● **What you should do**: A line qualifies if it holds the string "subseteq". Copy every qualifying line from the records.

(Stored data)
★ ★ ★
(* Let $G$ be a graph with a bramble $\mathcal{B}$ and let $\ell$ be a nonnegative integer. Let $S$ and $T$ be subsets of $V(G)$ such that $\mathcal{B}_S$ and $\mathcal{B}_T$ both have order at least $\ell$. Then there are $\ell$ pairwise vertex-disjoint paths in $G$ from $S$ to $T$.
   Context: All graphs are finite and simple. A bramble $\mathcal{B}$ in a graph $G$ is a family of connected subgraphs of $G$ such that every two of them share a vertex or are joined by an edge of $G$. A hitting set for $\mathcal{B}$ is a set of vertices intersecting every element of $\mathcal{B}$; the order of $\mathcal{B}$ is the minimum size of a hitting set. Any subset of a bramble is a bramble. For $X\subseteq V(G)$, $\mathcal{B}_X$ denotes the set of elements of $\mathcal{B}$ that intersect $X$. *)

theory Defs
  imports Main
begin

definition graph :: "'a set \<Rightarrow> ('a \<Rightarrow> 'a \<Rightarrow> bool) \<Rightarrow> bool" where
  "graph V E \<longleftrightarrow> finite V \<and> (\<forall>u v. E u v \<longrightarrow> u \<in> V \<and> v \<in> V \<and> E v u \<and> u \<noteq> v)"

definition connected_set :: "'a set \<Rightarrow> ('a \<Rightarrow> 'a \<Rightarrow> bool) \<Rightarrow> 'a set \<Rightarrow> bool" where
  "connected_set V E X \<longleftrightarrow> X \<noteq> {} \<and> X \<subseteq> V \<and>
     (\<forall>u\<in>X. \<forall>v\<in>X. (\<lambda>x y. x \<in> X \<and> y \<in> X \<and> E x y)\<^sup>*\<^sup>* u v)"

definition touch :: "('a \<Rightarrow> 'a \<Rightarrow> bool) \<Rightarrow> 'a set \<Rightarrow> 'a set \<Rightarrow> bool" where
  "touch E X Y \<longleftrightarrow> X \<inter> Y \<noteq> {} \<or> (\<exists>x\<in>X. \<exists>y\<in>Y. E x y)"

text \<open>A bramble, each element represented by its (connected) vertex set.\<close>
definition bramble :: "'a set \<Rightarrow> ('a \<Rightarrow> 'a \<Rightarrow> bool) \<Rightarrow> 'a set set \<Rightarrow> bool" where
  "bramble V E B \<longleftrightarrow> (\<forall>X\<in>B. connected_set V E X) \<and> (\<forall>X\<in>B. \<forall>Y\<in>B. touch E X Y)"

definition hitting_set :: "'a set \<Rightarrow> 'a set set \<Rightarrow> 'a set \<Rightarrow> bool" where
  "hitting_set V B H \<longleftrightarrow> H \<subseteq> V \<and> (\<forall>X\<in>B. X \<inter> H \<noteq> {})"

definition bramble_order :: "'a set \<Rightarrow> 'a set set \<Rightarrow> nat" where
  "bramble_order V B = (LEAST k. \<exists>H. hitting_set V B H \<and> card H = k)"

definition bramble_restr :: "'a set set \<Rightarrow> 'a set \<Rightarrow> 'a set set" where
  "bramble_restr B X = {Y \<in> B. Y \<inter> X \<noteq> {}}"

definition is_path :: "'a set \<Rightarrow> ('a \<Rightarrow> 'a \<Rightarrow> bool) \<Rightarrow> 'a list \<Rightarrow> bool" where
  "is_path V E p \<longleftrightarrow> p \<noteq> [] \<and> distinct p \<and> set p \<subseteq> V \<and>
     (\<forall>i. Suc i < length p \<longrightarrow> E (p ! i) (p ! Suc i))"

definition path_from_to :: "'a set \<Rightarrow> ('a \<Rightarrow> 'a \<Rightarrow> bool) \<Rightarrow> 'a set \<Rightarrow> 'a set \<Rightarrow> 'a list \<Rightarrow> bool" where
  "path_from_to V E S T p \<longleftrightarrow> is_path V E p \<and> set p \<inter> S = {hd p} \<and> set p \<inter> T = {last p}"

end

theory Submission
  imports Defs "HOL-Library.Disjoint_Sets"
begin

(* If X has fewer than l vertices, it hits neither all of B_S nor all of B_T, so some A in B_S
   and some C in B_T avoid X. As A and C are connected and touch, A u C contains an S-T walk
   avoiding X. Hence no set of fewer than l vertices separates S from T, and Menger's theorem
   yields l disjoint S-T paths.

   Menger's theorem is proved by induction on the number of edges (it never uses symmetry of E).
   Pick an edge xy. If S and T still cannot be separated by fewer than k vertices in G - xy,
   induction applies directly. Otherwise G - xy has an S-T separator Y with |Y| < k; then Y + x
   and Y + y separate S from T in G, so both have exactly k vertices. By induction G - xy has
   k disjoint paths from S to Y + x and k disjoint paths from Y + y to T. As Y separates S from T
   in G - xy, a path of the first system meets a path of the second only in a vertex of Y that
   ends the one and starts the other, so the two systems can be joined along Y and across xy. *)

section \<open>Walks\<close>

definition walk :: "('a \<Rightarrow> 'a \<Rightarrow> bool) \<Rightarrow> 'a list \<Rightarrow> bool" where
  "walk E p \<longleftrightarrow> p \<noteq> [] \<and> successively E p"

lemma walk_singleton [simp]: "walk E [v]"
  by (simp add: walk_def)

lemma walk_split:
  "walk E (xs @ v # ys) \<longleftrightarrow> walk E (xs @ [v]) \<and> walk E (v # ys)"
  by (auto simp: walk_def successively_append_iff successively_Cons)

lemma walk_mono: "walk E p \<Longrightarrow> E \<le> F \<Longrightarrow> walk F p"
  unfolding walk_def by (metis predicate2D successively_mono)

definition glue :: "'a list \<Rightarrow> 'a list \<Rightarrow> 'a list" where
  "glue p q = (if last p = hd q then p @ tl q else p @ q)"

lemma
  assumes "walk E p" "walk E q"
  shows walk_glue: "last p = hd q \<or> E (last p) (hd q) \<Longrightarrow> walk E (glue p q)"
    and hd_glue: "hd (glue p q) = hd p"
    and last_glue: "last (glue p q) = last q"
  using assms
  by (cases q; auto simp: walk_def glue_def successively_append_iff successively_Cons)+

lemma set_glue: "set (glue p q) \<subseteq> set p \<union> set q"
  by (cases q) (auto simp: glue_def)

lemma walk_remove_cycles:
  "walk E p \<Longrightarrow> \<exists>q. walk E q \<and> distinct q \<and> hd q = hd p \<and> last q = last p \<and> set q \<subseteq> set p"
proof (induction "length p" arbitrary: p rule: less_induct)
  case less
  show ?case
  proof (cases "distinct p")
    case False
    then obtain xs v ys zs where p: "p = xs @ [v] @ ys @ [v] @ zs"
      using not_distinct_decomp by blast
    have "walk E (xs @ v # ys @ v # zs)"
      using less.prems p by simp
    then have "walk E (xs @ [v])" "walk E (v # zs)"
      using walk_split[of E xs v "ys @ v # zs"] walk_split[of E "v # ys" v zs] by simp_all
    then have "walk E (xs @ v # zs)"
      using walk_split[of E xs v zs] by blast
    moreover have "hd (xs @ v # zs) = hd p"
      unfolding p by (cases xs) simp_all
    moreover have "last (xs @ v # zs) = last p"
      unfolding p by (cases zs) simp_all
    moreover have "length (xs @ v # zs) < length p" "set (xs @ v # zs) \<subseteq> set p"
      unfolding p by auto
    ultimately show ?thesis
      using less.hyps[of "xs @ v # zs"] by fastforce
  next
    case True
    with less.prems show ?thesis by auto
  qed
qed

lemma walk_edgeless: "walk E p \<Longrightarrow> (\<And>a b. \<not> E a b) \<Longrightarrow> p = [hd p]"
  by (cases p; cases "tl p") (auto simp: walk_def)

lemma walk_set_subset:
  assumes "walk E p" "hd p \<in> V" "\<And>a b. E a b \<Longrightarrow> a \<in> V \<and> b \<in> V"
  shows "set p \<subseteq> V"
  using assms unfolding walk_def
  by (induction p rule: induct_list012) (auto simp: successively_Cons)

lemma not_in_butlast_eq_last: "z \<in> set p \<Longrightarrow> z \<notin> set (butlast p) \<Longrightarrow> z = last p"
  by (induction p) (auto split: if_splits)

lemma not_in_tl_eq_hd: "z \<in> set p \<Longrightarrow> z \<notin> set (tl p) \<Longrightarrow> z = hd p"
  by (cases p) auto

definition remove_edge :: "('a \<Rightarrow> 'a \<Rightarrow> bool) \<Rightarrow> 'a \<Rightarrow> 'a \<Rightarrow> 'a \<Rightarrow> 'a \<Rightarrow> bool" where
  "remove_edge E x y = (\<lambda>a b. E a b \<and> (a, b) \<noteq> (x, y))"

lemma remove_edge_le: "remove_edge E x y \<le> E"
  unfolding remove_edge_def by auto

lemma remove_edge_psubset: "E x y \<Longrightarrow> {(a, b). remove_edge E x y a b} \<subset> {(a, b). E a b}"
  unfolding remove_edge_def by auto

lemma walk_remove_edge:
  "walk E p \<Longrightarrow> x \<notin> set (butlast p) \<or> y \<notin> set (tl p) \<Longrightarrow> walk (remove_edge E x y) p"
  unfolding walk_def remove_edge_def
  by (induction p rule: induct_list012) (auto simp: successively_Cons)
(* Let $h:\mathbb{T}^2\to\mathbb{R}^4$ and $D=D_1+iD_2:\mathbb{T}^2\to\mathbb{C}$ be smooth, let $H(\mathbf{k})=\vec h(\mathbf{k})\cdot\vec S+\vec h'(\mathbf{k})\cdot\vec T$ be the family of $4\times 4$ Hermitian matrices defined in the context, and assume $\det H(\mathbf{k})\neq0$ for all $\mathbf{k}\in\mathbb{T}^2$. Then: (i) The function $p(\mathbf{k})=|\vec h(\mathbf{k})|^2-|\vec h'(\mathbf{k})|^2$ is either strictly positive for all $\mathbf{k}$ or strictly negative for all $\mathbf{k}$. If $p>0$, there is a smooth homotopy $H_t(\mathbf{k})$, $t\in[0,1]$, of families of Hermitian matrices with $\det H_t(\mathbf{k})\ne0$ for all $t,\mathbf{k}$, $H_0=H$ and $H_1(\mathbf{k})=\widetilde H(\mathbf{k})=\vec h(\mathbf{k})\cdot\vec S/|\vec h(\mathbf{k})|$; if $p<0$, the same holds with $\widetilde H(\mathbf{k})=\vec h'(\mathbf{k})\cdot\vec T/|\vec h'(\mathbf{k})|$. (In particular a family with $p>0$ cannot be deformed through nonsingular families of this form into one with $p<0$.) (ii) Let $E\to\mathbb{T}^2$ be the occupied Bloch bundle, whose fiber at $\mathbf{k}$ is the span of the eigenvectors of $H(\mathbf{k})$ with negative eigenvalues (a rank-2 complex vector bundle). Then the first Chern number of $E$ equals twice the degree (winding number) of the map $\Phi_1:\mathbb{T}^2\to S^2$, $\mathbf{k}\mapsto\vec h(\mathbf{k})/|\vec h(\mathbf{k})|$, if $p>0$, and twice the degree of $\Phi_2:\mathbb{T}^2\to S^2$, $\mathbf{k}\mapsto \vec h'(\mathbf{k})/|\vec h'(\mathbf{k})|$, if $p<0$. (iii) If $H(\mathbf{k})$ is regarded as a Bogoliubov–de Gennes Hamiltonian (particle and hole degrees of freedom doubled), the Chern number of the system, defined as one half of the first Chern number of $E$ to account for the doubling, equals the degree of $\Phi_1$ if $p>0$ and the degree of $\Phi_2$ if $p<0$.
   Context: $\tau_0$ is the $2\times2$ identity and $\tau_1,\tau_2,\tau_3$ are the Pauli matrices; $h\cdot\tau=\sum_{\mu=0}^3h_\mu\tau_\mu$. $\mathbb{T}^2$ is the Brillouin zone (two-torus). The family is $$H(\mathbf{k})=\begin{pmatrix} h(\mathbf{k})\cdot\tau & iD^*(\mathbf{k})\tau_2\\ -iD(\mathbf{k})\tau_2 & -(h(\mathbf{k})\cdot\tau)^T\end{pmatrix}.$$ Set $\vec h=(h_1,h_2,h_3)$ and $\vec h'=(D_1,D_2,h_0)$, and define the $4\times4$ matrices (in $2\times2$ block form, $I$ the $2\times 2$ identity) $S_1=\mathrm{diag}(\tau_1,-\tau_1)$, $S_2=\mathrm{diag}(\tau_2,\tau_2)$, $S_3=\mathrm{diag}(\tau_3,-\tau_3)$, $T_1=\begin{pmatrix}0&i\tau_2\\-i\tau_2&0\end{pmatrix}$, $T_2=\begin{pmatrix}0&\tau_2\\\tau_2&0\end{pmatrix}$, $T_3=\mathrm{diag}(I,-I)$, so that $H(\mathbf{k})=\vec h(\mathbf{k})\cdot\vec S+\vec h'(\mathbf{k})\cdot\vec T$ with $\vec h\cdot\vec S=\sum_i h_iS_i$, $\vec h'\cdot\vec T=\sum_i h'_iT_i$. The degree of a map $\mathbb{T}^2\to S^2$ is taken with respect to the standard orientations, with the convention that the negative-energy eigenline bundle of $\hat n(\mathbf{k})\cdot(\tau_1,\tau_2,\tau_3)$ has Chern number equal to the degree of $\hat n$. *)

theory Defs
  imports "HOL-Analysis.Analysis"
begin
(* Let $k$ be a positive integer, $G>0$, and let $g_1,\dots,g_k$ be strongly additive functions with $0\le g_j(p)\le G$ for all $j$ and all $p\in\mathcal P$, and assume $\mathfrak K=\max_{1\le i\le k}\sigma^{\mathcal P}(g_i)^2\ge1$. Then $$S:=\sum_{\substack{p_1,\dots,p_k\in\mathcal P\\ p_1\cdots p_k\text{ squarefull}\\ \#\{p_1,\dots,p_k\}<k/2}}H(p_1\cdots p_k)g_1(p_1)\cdots g_k(p_k)$$ satisfies $S\ll\mathfrak K^{k/2-1}$ if $k$ is even and $S\ll\mathfrak K^{(k-1)/2}$ if $k$ is odd, with implied constants depending only on $k$ and $G$.
   Context: $\mathcal P$ is a finite set of primes and $h$ is multiplicative with $0\le h(d)\le d$. Strongly additive: $g(n)=\sum_{p\mid n}g(p)$. $\sigma^{\mathcal P}(g)^2=\sum_{p\in\mathcal P}g(p)^2\frac{h(p)}p\big(1-\frac{h(p)}p\big)$. $H$ is multiplicative with $H(p^\alpha)=\frac{h(p)}p\big(1-\frac{h(p)}p\big)^\alpha+\big(-\frac{h(p)}p\big)^\alpha\big(1-\frac{h(p)}p\big)$. The sum is over ordered $k$-tuples; squarefull means every prime divisor appears at least squared. *)

theory Defs
  imports "HOL-Computational_Algebra.Primes" "HOL-Analysis.Analysis"
begin

definition multiplicative_fn :: "(nat \<Rightarrow> real) \<Rightarrow> bool" where
  "multiplicative_fn f \<longleftrightarrow> f 1 = 1 \<and>
     (\<forall>m n. m > 0 \<longrightarrow> n > 0 \<longrightarrow> coprime m n \<longrightarrow> f (m * n) = f m * f n)"

definition strongly_additive :: "(nat \<Rightarrow> real) \<Rightarrow> bool" where
  "strongly_additive g \<longleftrightarrow> (\<forall>n. n > 0 \<longrightarrow> g n = (\<Sum>p\<in>prime_factors n. g p))"

definition squarefull :: "nat \<Rightarrow> bool" where
  "squarefull n \<longleftrightarrow> (\<forall>q. prime q \<longrightarrow> q dvd n \<longrightarrow> q^2 dvd n)"

definition Hpp :: "(nat \<Rightarrow> real) \<Rightarrow> nat \<Rightarrow> nat \<Rightarrow> real" where
  "Hpp h p a = (h p / p) * (1 - h p / p) ^ a + (- (h p / p)) ^ a * (1 - h p / p)"

definition Hfun :: "(nat \<Rightarrow> real) \<Rightarrow> nat \<Rightarrow> real" where
  "Hfun h n = (\<Prod>p\<in>prime_factors n. Hpp h p (multiplicity p n))"

definition sigmaP_sq :: "nat set \<Rightarrow> (nat \<Rightarrow> real) \<Rightarrow> (nat \<Rightarrow> real) \<Rightarrow> real" where
  "sigmaP_sq P h g = (\<Sum>p\<in>P. (g p)^2 * (h p / p) * (1 - h p / p))"

end

theory Submission
  imports Defs
begin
★ ★ ★
● **Solution to the exercise**:
   Context: All graphs are finite and simple. A bramble $\mathcal{B}$ in a graph $G$ is a family of connected subgraphs of $G$ such that every two of them share a vertex or are joined by an edge of $G$. A hitting set for $\mathcal{B}$ is a set of vertices intersecting every element of $\mathcal{B}$; the order of $\mathcal{B}$ is the minimum size of a hitting set. Any subset of a bramble is a bramble. For $X\subseteq V(G)$, $\mathcal{B}_X$ denotes the set of elements of $\mathcal{B}$ that intersect $X$. *)
  "connected_set V E X \<longleftrightarrow> X \<noteq> {} \<and> X \<subseteq> V \<and>
  "hitting_set V B H \<longleftrightarrow> H \<subseteq> V \<and> (\<forall>X\<in>B. X \<inter> H \<noteq> {})"
  "is_path V E p \<longleftrightarrow> p \<noteq> [] \<and> distinct p \<and> set p \<subseteq> V \<and>
lemma set_glue: "set (glue p q) \<subseteq> set p \<union> set q"
  "walk E p \<Longrightarrow> \<exists>q. walk E q \<and> distinct q \<and> hd q = hd p \<and> last q = last p \<and> set q \<subseteq> set p"
    moreover have "length (xs @ v # zs) < length p" "set (xs @ v # zs) \<subseteq> set p"
  shows "set p \<subseteq> V"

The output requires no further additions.